"The only reason every American doesn't own an elephant is because they haven't been offered one for no money down and easy monthly payments"
The horrible truth behind that statement is reflected in the purchasing decisions many people have been making for much of the past few years. Everything from vacations, furniture, and elctronics has been sold using the sales gimmick of "no payments until....". I have a friend who sells vacuums for prices in excess of $2,000 and while I am pretty sure they are nice vacuums, unless you can drive them to church on Sunday the price seems a little steep to me. What the change in marketing strategies of recent years has meant for the consumer has been a total shift in the way they think.
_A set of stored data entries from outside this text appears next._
(* Let $a<b$ be real, $\phi:\mathbb{R}^n\to\mathbb{R}$ Schur-concave on $[a,b]^n$, $\alpha\in\mathbb{R}$, and $S^\alpha=\{(x,t)\mid\phi(x)\le t\le\alpha,\ x\in[a,b]^n\}$. For $x\in[a,b]^n$ let $S(x)=\sum_{i=1}^n(x_i-a)$. For $s\in[0,n(b-a)]$ let $i^s=\max\{i\in\{0,\dots,n\}\mid i(b-a)<s\}$ (with $i^0=0$) and define $u^s\in\mathbb{R}^n$ by $u^s_i=b$ for $i\le i^s$, $u^s_{i^s+1}=a+s-(b-a)i^s$, and $u^s_i=a$ for $i>i^s+1$. Let $\Theta^\alpha=\{(x,t)\mid\phi(u^{S(x)})\le t\le\alpha,\ x\in[a,b]^n\}$. Then $\mathrm{conv}(S^\alpha)=\mathrm{conv}(\Theta^\alpha)$. Moreover, if $\phi$ is component-wise convex on $[a,b]^n$, then $\Theta^\alpha$ is convex.
   Context: $\phi$ is Schur-concave on $C$ if for all $x,y\in C$, $x\ge_m y$ implies $\phi(x)\le\phi(y)$, where $x\ge_m y$ means $\sum_{i=1}^j x_{[i]}\ge\sum_{i=1}^j y_{[i]}$ for $j<n$ with equality for $j=n$ ($x_{[i]}$ the $i$-th largest entry). $\phi$ is component-wise convex if it is convex in each single coordinate when all other coordinates are fixed. *)

theory Defs
  imports "HOL-Analysis.Analysis"
begin

text \<open>Vectors in R^n are modelled as real^'n::{finite,linorder} where the index type 'n::{finite,linorder} is finite and
  linearly ordered; n = CARD('n) and the order on 'n::{finite,linorder} gives the coordinates 1..n.\<close>

definition box_n :: "real \<Rightarrow> real \<Rightarrow> (real^'n::{finite,linorder}) set" where
  "box_n a b = {x. \<forall>i. a \<le> x $ i \<and> x $ i \<le> b}"

text \<open>Entries of x sorted in decreasing order: element number k-1 is x_[k].\<close>
definition dec_entries :: "real^'n::{finite,linorder} \<Rightarrow> real list" where
  "dec_entries x = rev (sort (map (\<lambda>i. x $ i) (sorted_list_of_set (UNIV :: 'n set))))"

definition majorizes :: "real^'n::{finite,linorder} \<Rightarrow> real^'n::{finite,linorder} \<Rightarrow> bool" where
  "majorizes x y \<longleftrightarrow>
     (\<forall>j. 1 \<le> j \<and> j < CARD('n) \<longrightarrow>
        sum_list (take j (dec_entries x)) \<ge> sum_list (take j (dec_entries y))) \<and>
     sum_list (dec_entries x) = sum_list (dec_entries y)"

definition schur_concave_on :: "(real^'n::{finite,linorder}) set \<Rightarrow> (real^'n::{finite,linorder} \<Rightarrow> real) \<Rightarrow> bool" where
  "schur_concave_on C \<phi> \<longleftrightarrow> (\<forall>x\<in>C. \<forall>y\<in>C. majorizes x y \<longrightarrow> \<phi> x \<le> \<phi> y)"

definition compwise_convex_on :: "real \<Rightarrow> real \<Rightarrow> (real^'n::{finite,linorder} \<Rightarrow> real) \<Rightarrow> bool" where
  "compwise_convex_on a b \<phi> \<longleftrightarrow>
     (\<forall>x\<in>box_n a b. \<forall>i. convex_on {a..b} (\<lambda>t. \<phi> (\<chi> j. if j = i then t else x $ j)))"

text \<open>0-based position of index j in the order of 'n::{finite,linorder} (so coordinate number rank j + 1).\<close>
definition rank_idx :: "'n::{finite,linorder} \<Rightarrow> nat" where
  "rank_idx j = card {k. k < j}"

definition S_sum :: "real \<Rightarrow> real^'n::{finite,linorder} \<Rightarrow> real" where
  "S_sum a x = (\<Sum>i\<in>UNIV. x $ i - a)"

definition i_star :: "nat \<Rightarrow> real \<Rightarrow> real \<Rightarrow> real \<Rightarrow> nat" where
  "i_star n a b s = (if s = 0 then 0 else Max {i. i \<le> n \<and> real i * (b - a) < s})"

definition u_vec :: "real \<Rightarrow> real \<Rightarrow> real \<Rightarrow> real^'n::{finite,linorder}" where
  "u_vec a b s = (\<chi> j. let k = i_star CARD('n) a b s in
      if rank_idx j < k then b
      else if rank_idx j = k then a + s - (b - a) * real k
      else a)"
I remember in the early 1980's my parents saved up money to go to the furniture store and buy a new sofa set. We loaded up the station wagon and drove to town and they picked one out. It was a beauty, rusty orange with wishing wells or waterwheels or some other browny orange pattern with wood accents on the arms. I believe 'the good couch', as it would forever be known in our household, cost about $1200 for the entire set and was paid for with cash money that my parents had saved up and earmarked for this purchase. Compare this to the modern furniture shopper experience. According to my neighbor who manages a large box furniture retailer, the majority of their purchasers have $0 when they walk in the front door. The furniture is sold primarily on a 'do not pay for xx months' basis, and on a less common basis charged onto a purchasers credit card. It is an absolute rarity for a customer to actually pay for their furniture. The retailer actually earns more of their corporate profits from the financing then from the margins on the product.
The customer mindset has changed from shopping for 'how much can i afford' to 'how much can i afford to finance'.
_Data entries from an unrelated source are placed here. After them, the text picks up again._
lemma affine_in_control_uniform_bound:
  fixes F :: "ctrl \<Rightarrow> 'a::euclidean_space \<Rightarrow> 'b::real_normed_vector"
  assumes lin: "\<And>c. linear (F c)" and aff: "affine_in_control F"
  obtains C where
    "\<And>c X. \<bar>cu c\<bar> \<le> m \<Longrightarrow> \<bar>cn c 1\<bar> \<le> n \<Longrightarrow> \<bar>cn c 2\<bar> \<le> n \<Longrightarrow> norm (F c X) \<le> C * norm X"
proof -
  define G where "G e = (\<lambda>X. F e X - F (0,0,0) X)" for e
  have bl: "bounded_linear (F (0,0,0))" "bounded_linear (G e)" for e
    using lin by (simp_all add: G_def linear_conv_bounded_linear[symmetric] linear_compose_sub)
  show ?thesis
  proof (rule that[of "onorm (F (0,0,0)) + \<bar>m\<bar> * onorm (G (1,0,0))
      + \<bar>n\<bar> * onorm (G (0,1,0)) + \<bar>n\<bar> * onorm (G (0,0,1))"])
    fix c X assume bounds: "\<bar>cu c\<bar> \<le> m" "\<bar>cn c 1\<bar> \<le> n" "\<bar>cn c 2\<bar> \<le> n"
    have "F c X = F (0,0,0) X + cu c *\<^sub>R G (1,0,0) X + cn c 1 *\<^sub>R G (0,1,0) X + cn c 2 *\<^sub>R G (0,0,1) X"
      using aff unfolding affine_in_control_def G_def by blast
    then have "norm (F c X) \<le> norm (F (0,0,0) X) + \<bar>cu c\<bar> * norm (G (1,0,0) X)
        + \<bar>cn c 1\<bar> * norm (G (0,1,0) X) + \<bar>cn c 2\<bar> * norm (G (0,0,1) X)"
      by (simp only:) (intro order.trans[OF norm_triangle_ineq] add_mono order_refl; simp)+
    also have "\<dots> \<le> onorm (F (0,0,0)) * norm X + \<bar>m\<bar> * (onorm (G (1,0,0)) * norm X)
        + \<bar>n\<bar> * (onorm (G (0,1,0)) * norm X) + \<bar>n\<bar> * (onorm (G (0,0,1)) * norm X)"
      using bounds bl by (intro add_mono mult_mono onorm onorm_pos_le) auto
    finally show "norm (F c X) \<le> (onorm (F (0,0,0)) + \<bar>m\<bar> * onorm (G (1,0,0))
        + \<bar>n\<bar> * onorm (G (0,1,0)) + \<bar>n\<bar> * onorm (G (0,0,1))) * norm X"
      by (simp add: algebra_simps)
  qed
qed

section \<open>Hermiticity of the solutions\<close>

lemma hermitian_of_madj_equivariant_ode:
  fixes X :: "real \<Rightarrow> mat4" and F :: "real \<Rightarrow> mat4 \<Rightarrow> mat4"
  assumes S: "finite S" and cont: "continuous_on {a..b} X"
    and der: "\<And>t. t \<in> {a..b} - S \<Longrightarrow> (X has_vector_derivative F t (X t)) (at t within {a..b})"
    and lin: "\<And>t. linear (F t)" and equiv: "\<And>t Y. madj (F t Y) = F t (madj Y)"
    and bound: "\<And>t Y. t \<in> {a..b} \<Longrightarrow> norm (F t Y) \<le> C * norm Y"
    and boundary: "hermitian (X a) \<or> hermitian (X b)"
    and t: "t \<in> {a..b}"
  shows "hermitian (X t)"
proof -
  define D where "D s = X s - madj (X s)" for s
  have "D t = 0"
  proof (rule eq_0_of_derivative_linearly_bounded[OF S _ _ _ _ t, where D' = "\<lambda>s. F s (D s)"])
    show "continuous_on {a..b} D"
      unfolding D_def by (intro continuous_intros cont bounded_linear.continuous_on[OF bounded_linear_madj])
    fix s assume s: "s \<in> {a..b} - S"
    have "(D has_vector_derivative F s (X s) - madj (F s (X s))) (at s within {a..b})"
      unfolding D_def
      by (intro has_vector_derivative_diff der[OF s] bounded_linear.has_vector_derivative[OF bounded_linear_madj])
    then show "(D has_vector_derivative F s (D s)) (at s within {a..b})"
      by (simp add: D_def equiv linear_diff[OF lin])
    show "norm (F s (D s)) \<le> C * norm (D s)"
      using s bound by blast
  next
    show "D a = 0 \<or> D b = 0"
      using boundary by (auto simp: D_def hermitian_def)
  qed
  then show ?thesis
    by (simp add: D_def hermitian_def)
qed

lemma admissible_bounds:
  assumes "admissible T \<mu> nmax c" "t \<in> {0..T}"
  shows "\<bar>cu (c t)\<bar> \<le> \<mu>" "\<bar>cn (c t) 1\<bar> \<le> nmax" "\<bar>cn (c t) 2\<bar> \<le> nmax"
  using assms by (auto simp: admissible_def)

lemma master_solution_hermitian:
  assumes hV: "hermitian (Vop P)" and adm: "admissible T \<mu> nmax c"
    and sol: "master_solution P T c \<rho>0 \<rho>" and "hermitian \<rho>0" and t: "t \<in> {0..T}"
  shows "hermitian (\<rho> t)"
proof -
  obtain C where C: "\<And>c X. \<bar>cu c\<bar> \<le> \<mu> \<Longrightarrow> \<bar>cn c 1\<bar> \<le> nmax \<Longrightarrow> \<bar>cn c 2\<bar> \<le> nmax
      \<Longrightarrow> norm (master_rhs P c X) \<le> C * norm X"
    using affine_in_control_uniform_bound[OF linear_master_rhs[OF hV] affine_in_control_master_rhs]
    by metis
  obtain S where "finite S" "continuous_on {0..T} \<rho>" "\<rho> 0 = \<rho>0"
    "\<And>t. t \<in> {0..T} - S \<Longrightarrow> (\<rho> has_vector_derivative master_rhs P (c t) (\<rho> t)) (at t within {0..T})"
    using sol unfolding master_solution_def by blast
  then show ?thesis
    using \<open>hermitian \<rho>0\<close> C admissible_bounds[OF adm]
    by (intro hermitian_of_madj_equivariant_ode[where F = "\<lambda>t. master_rhs P (c t)" and C = C, OF _ _ _
          linear_master_rhs[OF hV] madj_master_rhs[OF hV] _ _ t]) auto
qed

lemma adjoint_solution_hermitian:
  assumes hV: "hermitian (Vop P)" and adm: "admissible T \<mu> nmax c"
    and sol: "adjoint_solution P T c \<rho>target chi" and "hermitian \<rho>target" and t: "t \<in> {0..T}"
  shows "hermitian (chi t)"
proof -
  obtain C where C: "\<And>c X. \<bar>cu c\<bar> \<le> \<mu> \<Longrightarrow> \<bar>cn c 1\<bar> \<le> nmax \<Longrightarrow> \<bar>cn c 2\<bar> \<le> nmax
      \<Longrightarrow> norm (adjoint_rhs P c X) \<le> C * norm X"
    using affine_in_control_uniform_bound[OF linear_adjoint_rhs[OF hV] affine_in_control_adjoint_rhs[OF hV]]
    by metis
  obtain S where "finite S" "continuous_on {0..T} chi" "chi T = \<rho>target"
    "\<And>t. t \<in> {0..T} - S \<Longrightarrow> (chi has_vector_derivative adjoint_rhs P (c t) (chi t)) (at t within {0..T})"
    using sol unfolding adjoint_solution_def by blast
  then show ?thesis
    using \<open>hermitian \<rho>target\<close> C admissible_bounds[OF adm]
    by (intro hermitian_of_madj_equivariant_ode[where F = "\<lambda>t. adjoint_rhs P (c t)" and C = C, OF _ _ _
          linear_adjoint_rhs[OF hV] madj_adjoint_rhs[OF hV] _ _ t]) auto
qed

section \<open>The increment of the objective\<close>

lemma K_u_real:
  assumes "hermitian (Vop P)" "hermitian X" "hermitian Y"
  shows "K_u P X Y \<in> \<real>"
  unfolding K_u_def using assms
  by (intro minner_hermitian_real) (auto simp: hermitian_def madj_cscale madj_comm cscale_comm_swap)

lemma K_n_real:
  assumes "hermitian X" "hermitian Y"
  shows "K_n P j X Y \<in> \<real>"
  unfolding K_n_def using assms hermitian_Wop[of j]
  by (intro minner_hermitian_real)
    (auto simp: hermitian_def madj_add madj_diff madj_scaleR madj_mult madj_cscale madj_comm
      madj_sig_p madj_sig_m matrix_mul_assoc cscale_comm_swap cscale_scaleR)

definition switching_gain :: "qsys \<Rightarrow> mat4 \<Rightarrow> mat4 \<Rightarrow> ctrl \<Rightarrow> ctrl \<Rightarrow> real" where
  "switching_gain P X Y c c' = Re (K_u P X Y) * (cu c - cu c')
     + (\<Sum>j\<in>{1,2}. Re (K_n P j X Y) * (cn c j - cn c' j))"

lemma Re_minner_master_rhs_diff:
  "Re (minner X (master_rhs P c Y) - minner X (master_rhs P c' Y)) = switching_gain P X Y c c'"
  unfolding minner_master_rhs_diff switching_gain_def by (simp add: sum_1_2 algebra_simps)

lemma J1_of_eq_minner: "hermitian \<rho>target \<Longrightarrow> J1_of T \<rho>target \<rho> = Re (minner \<rho>target (\<rho> T))"
  unfolding J1_of_def minner_def hermitian_def by (metis trace_mul_sym)

lemma minner_solutions_has_integral:
  assumes hV: "hermitian (Vop P)" and T: "0 \<le> T"
    and sol: "master_solution P T c \<rho>0 \<rho>" and adj: "adjoint_solution P T c' \<rho>target chi"
  shows "((\<lambda>t. minner (chi t) (master_rhs P (c' t) (\<rho> t)) - minner (chi t) (master_rhs P (c t) (\<rho> t)))
           has_integral minner (chi 0) \<rho>0 - minner \<rho>target (\<rho> T)) {0..T}"
proof -
  obtain S where S: "finite S" and cont: "continuous_on {0..T} \<rho>" and init: "\<rho> 0 = \<rho>0"
    and der: "\<And>t. t \<in> {0..T} - S \<Longrightarrow> (\<rho> has_vector_derivative master_rhs P (c t) (\<rho> t)) (at t within {0..T})"
    using sol unfolding master_solution_def by blast
  obtain S' where S': "finite S'" and cont': "continuous_on {0..T} chi" and final: "chi T = \<rho>target"
    and der': "\<And>t. t \<in> {0..T} - S' \<Longrightarrow> (chi has_vector_derivative adjoint_rhs P (c' t) (chi t)) (at t within {0..T})"
    using adj unfolding adjoint_solution_def by blast
  have "((\<lambda>t. minner (chi t) (master_rhs P (c t) (\<rho> t)) - minner (chi t) (master_rhs P (c' t) (\<rho> t)))
      has_integral minner (chi T) (\<rho> T) - minner (chi 0) (\<rho> 0)) {0..T}"
  proof (rule has_integral_of_vector_derivative_within[OF T finite_UnI[OF S S']])
    show "continuous_on {0..T} (\<lambda>t. minner (chi t) (\<rho> t))"
      by (rule bounded_bilinear.continuous_on[OF bounded_bilinear_minner cont' cont])
    fix t assume t: "t \<in> {0..T} - (S \<union> S')"
    have "((\<lambda>t. minner (chi t) (\<rho> t)) has_vector_derivative
        minner (chi t) (master_rhs P (c t) (\<rho> t)) + minner (adjoint_rhs P (c' t) (chi t)) (\<rho> t))
        (at t within {0..T})"
      using t by (intro bounded_bilinear.has_vector_derivative[OF bounded_bilinear_minner der' der]) auto
    then show "((\<lambda>t. minner (chi t) (\<rho> t)) has_vector_derivative
        minner (chi t) (master_rhs P (c t) (\<rho> t)) - minner (chi t) (master_rhs P (c' t) (\<rho> t)))
        (at t within {0..T})"
      by (simp add: minner_adjoint_rhs[OF hV])
  qed
  from has_integral_neg[OF this] show ?thesis
    by (simp add: init final)
qed

lemma J1_increment_has_integral:
  assumes hV: "hermitian (Vop P)" and "hermitian \<rho>target" and T: "0 \<le> T"
    and sol_k: "master_solution P T ck \<rho>0 \<rho>k" and sol_k1: "master_solution P T ck1 \<rho>0 \<rho>k1"
    and adj: "adjoint_solution P T ck1 \<rho>target chi"
  shows "((\<lambda>t. switching_gain P (chi t) (\<rho>k t) (ck1 t) (ck t))
           has_integral J1_of T \<rho>target \<rho>k1 - J1_of T \<rho>target \<rho>k) {0..T}"
proof -
  \<comment> \<open>Along the new trajectory the pairing with the adjoint state is conserved.\<close>
  have "((\<lambda>t. 0) has_integral minner (chi 0) \<rho>0 - minner \<rho>target (\<rho>k1 T)) {0..T}"
    using minner_solutions_has_integral[OF hV T sol_k1 adj] by simp
  then have "minner (chi 0) \<rho>0 - minner \<rho>target (\<rho>k1 T) = 0"
    using has_integral_unique has_integral_0 by blast
  moreover have "((\<lambda>t. switching_gain P (chi t) (\<rho>k t) (ck1 t) (ck t))
      has_integral Re (minner (chi 0) \<rho>0 - minner \<rho>target (\<rho>k T))) {0..T}"
    using has_integral_Re[OF minner_solutions_has_integral[OF hV T sol_k adj]]
    unfolding Re_minner_master_rhs_diff .
  ultimately show ?thesis
    by (simp add: J1_of_eq_minner[OF \<open>hermitian \<rho>target\<close>])
qed

lemma switching_gain_nonneg:
  assumes "0 \<le> Re (K_u P X Y) * (cu c - cu c')"
    and "\<And>j. j \<in> {1,2} \<Longrightarrow> 0 \<le> Re (K_n P j X Y) * (cn c j - cn c' j)"
  shows "0 \<le> switching_gain P X Y c c'"
  using assms by (simp add: switching_gain_def sum_1_2 add_nonneg_nonneg)

lemma switching_gain_pos:
  assumes "hermitian (Vop P)" "hermitian X" "hermitian Y"
    and u: "0 \<le> Re (K_u P X Y) * (cu c - cu c')"
    and n: "\<And>j. j \<in> {1,2} \<Longrightarrow> 0 \<le> Re (K_n P j X Y) * (cn c j - cn c' j)"
    and change: "(cu c \<noteq> cu c' \<and> K_u P X Y \<noteq> 0) \<or> (\<exists>j\<in>{1,2}. cn c j \<noteq> cn c' j \<and> K_n P j X Y \<noteq> 0)"
  shows "0 < switching_gain P X Y c c'"
proof -
  have n1: "0 \<le> Re (K_n P 1 X Y) * (cn c 1 - cn c' 1)" and n2: "0 \<le> Re (K_n P 2 X Y) * (cn c 2 - cn c' 2)"
    using n by auto
  have "(cu c \<noteq> cu c' \<and> Re (K_u P X Y) \<noteq> 0) \<or> (\<exists>j\<in>{1,2}. cn c j \<noteq> cn c' j \<and> Re (K_n P j X Y) \<noteq> 0)"
    using change assms(1-3) by (simp add: Re_eq_0_iff_of_Reals K_u_real K_n_real)
  then have "0 < Re (K_u P X Y) * (cu c - cu c') \<or> 0 < Re (K_n P 1 X Y) * (cn c 1 - cn c' 1)
      \<or> 0 < Re (K_n P 2 X Y) * (cn c 2 - cn c' 2)"
    using u n1 n2 by (auto simp: order_less_le)
  then show ?thesis
    using u n1 n2 unfolding switching_gain_def sum_1_2 by (elim disjE) linarith+
qed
A recent automobile sale that I visited made this extremely evident. It wasnt held at a car lot, but rather in a rented hall and was staffed by travelling hired-gun car salesmen who help lots clear used inventory all across the country. As none of the vehicles had prices displayed in the window, I was forced to communicate with an aggressive little guy who when I asked what the price was of a certain van was told it was $199/month. I told the salesman that I did not need to finance and just wanted to know what the price was, again he told me the price could be as low as $49/week. After much prodding and reiterating that I would simply be writing a check for the vehicle, he divulged that the salesmen at the event did not know the actual prices of any of the vehicles only financing numbers, and to find out any more specific information the financing manager would need to be asked. At first I thought the guy was joking, but he was not. Their entire sales technique was based upon selling a vehicle based upon the payment amount and not the actual price, interest rate, etc. Amazing to me.
I have always held the theory that any item which you are being sold that requires that you make a decision within 5 minutes, that you have to attend a presentation with your spouse, that they offer you a free gift over the phone, that they wont tell you the purchase price until the end of the demonstration, or that sounds too good to be true..... IS. So when you get offered that elephant, and inevitably the day is coming, just make sure you get your spouses consent and sleep on the decision, otherwise you may need a big shovel to clean up the mess you will be getting yourself into.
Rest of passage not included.